┌────────

(* Let $L$ be a regular language over a nonempty finite alphabet $A$, and let $\mathcal{A}_L$ be the minimal automaton of $L$. Then the following four conditions are equivalent: (1) $\mathcal{A}_L$ is a zero automaton; (2) $L$ is a language with zero, i.e. the syntactic monoid of $L$ has a zero element; (3) $L$ obeys the zero-one law, i.e. $\mu(L)=\lim_{n\to\infty}\mu_n(L)$ exists and $\mu(L)\in\{0,1\}$; (4) $L$ is recognised by a quasi-zero automaton.
   Context: All automata are complete, deterministic, finite and accessible: $\mathcal{A}=\langle Q,A,\cdot,q_0,F\rangle$ with transition function $\cdot:Q\times A\to Q$ extended to words, and $L(\mathcal{A})=\{w\in A^*: q_0\cdot w\in F\}$. For a language $L\subseteq A^*$, $\mu_n(L)=|L\cap A^n|/|A|^n$ and $\mu(L)=\lim_{n\to\infty}\mu_n(L)$ when the limit exists; $L$ obeys the zero-one law (is a zero-one language) if $L$ is regular, $\mu(L)$ exists and $\mu(L)\in\{0,1\}$. The syntactic monoid of $L$ is $A^*/\sim_L$ where $u\sim_L v$ iff for all $x,y\in A^*$, $xuy\in L\Leftrightarrow xvy\in L$. An element $0$ of a monoid $M$ is a zero if $0m=m0=0$ for all $m\in M$. A state $q$ is a sink state if $q\cdot a=q$ for all $a\in A$. A word $w$ is synchronising for $\mathcal{A}$ if there is a state $q$ with $p\cdot w=q$ for all $p\in Q$; $\mathcal{A}$ is synchronising if it has a synchronising word. A zero automaton is a synchronising automaton having a sink state. A strongly connected sink component of $\mathcal{A}$ is a nonempty set $P\subseteq Q$ such that every state of $P$ is reachable (by some word) from every other state of $P$, and no state outside $P$ is reachable from a state of $P$; $\mathrm{Sink}(\mathcal{A})$ denotes the family of all strongly connected sink components. $\mathcal{A}$ is quasi-zero if either $\bigcup\mathrm{Sink}(\mathcal{A})\subseteq F$ or $\bigcup\mathrm{Sink}(\mathcal{A})\cap F=\emptyset$. *)

theory Defs
  imports Complex_Main "HOL-Algebra.Group"
begin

└────────

**Task**
Show a copy of each line from the records above in which the string "obeys" occurs.

**Exercise output**
(* Let $L$ be a regular language over a nonempty finite alphabet $A$, and let $\mathcal{A}_L$ be the minimal automaton of $L$. Then the following four conditions are equivalent: (1) $\mathcal{A}_L$ is a zero automaton; (2) $L$ is a language with zero, i.e. the syntactic monoid of $L$ has a zero element; (3) $L$ obeys the zero-one law, i.e. $\mu(L)=\lim_{n\to\infty}\mu_n(L)$ exists and $\mu(L)\in\{0,1\}$; (4) $L$ is recognised by a quasi-zero automaton.
   Context: All automata are complete, deterministic, finite and accessible: $\mathcal{A}=\langle Q,A,\cdot,q_0,F\rangle$ with transition function $\cdot:Q\times A\to Q$ extended to words, and $L(\mathcal{A})=\{w\in A^*: q_0\cdot w\in F\}$. For a language $L\subseteq A^*$, $\mu_n(L)=|L\cap A^n|/|A|^n$ and $\mu(L)=\lim_{n\to\infty}\mu_n(L)$ when the limit exists; $L$ obeys the zero-one law (is a zero-one language) if $L$ is regular, $\mu(L)$ exists and $\mu(L)\in\{0,1\}$. The syntactic monoid of $L$ is $A^*/\sim_L$ where $u\sim_L v$ iff for all $x,y\in A^*$, $xuy\in L\Leftrightarrow xvy\in L$. An element $0$ of a monoid $M$ is a zero if $0m=m0=0$ for all $m\in M$. A state $q$ is a sink state if $q\cdot a=q$ for all $a\in A$. A word $w$ is synchronising for $\mathcal{A}$ if there is a state $q$ with $p\cdot w=q$ for all $p\in Q$; $\mathcal{A}$ is synchronising if it has a synchronising word. A zero automaton is a synchronising automaton having a sink state. A strongly connected sink component of $\mathcal{A}$ is a nonempty set $P\subseteq Q$ such that every state of $P$ is reachable (by some word) from every other state of $P$, and no state outside $P$ is reachable from a state of $P$; $\mathrm{Sink}(\mathcal{A})$ denotes the family of all strongly connected sink components. $\mathcal{A}$ is quasi-zero if either $\bigcup\mathrm{Sink}(\mathcal{A})\subseteq F$ or $\bigcup\mathrm{Sink}(\mathcal{A})\cap F=\emptyset$. *)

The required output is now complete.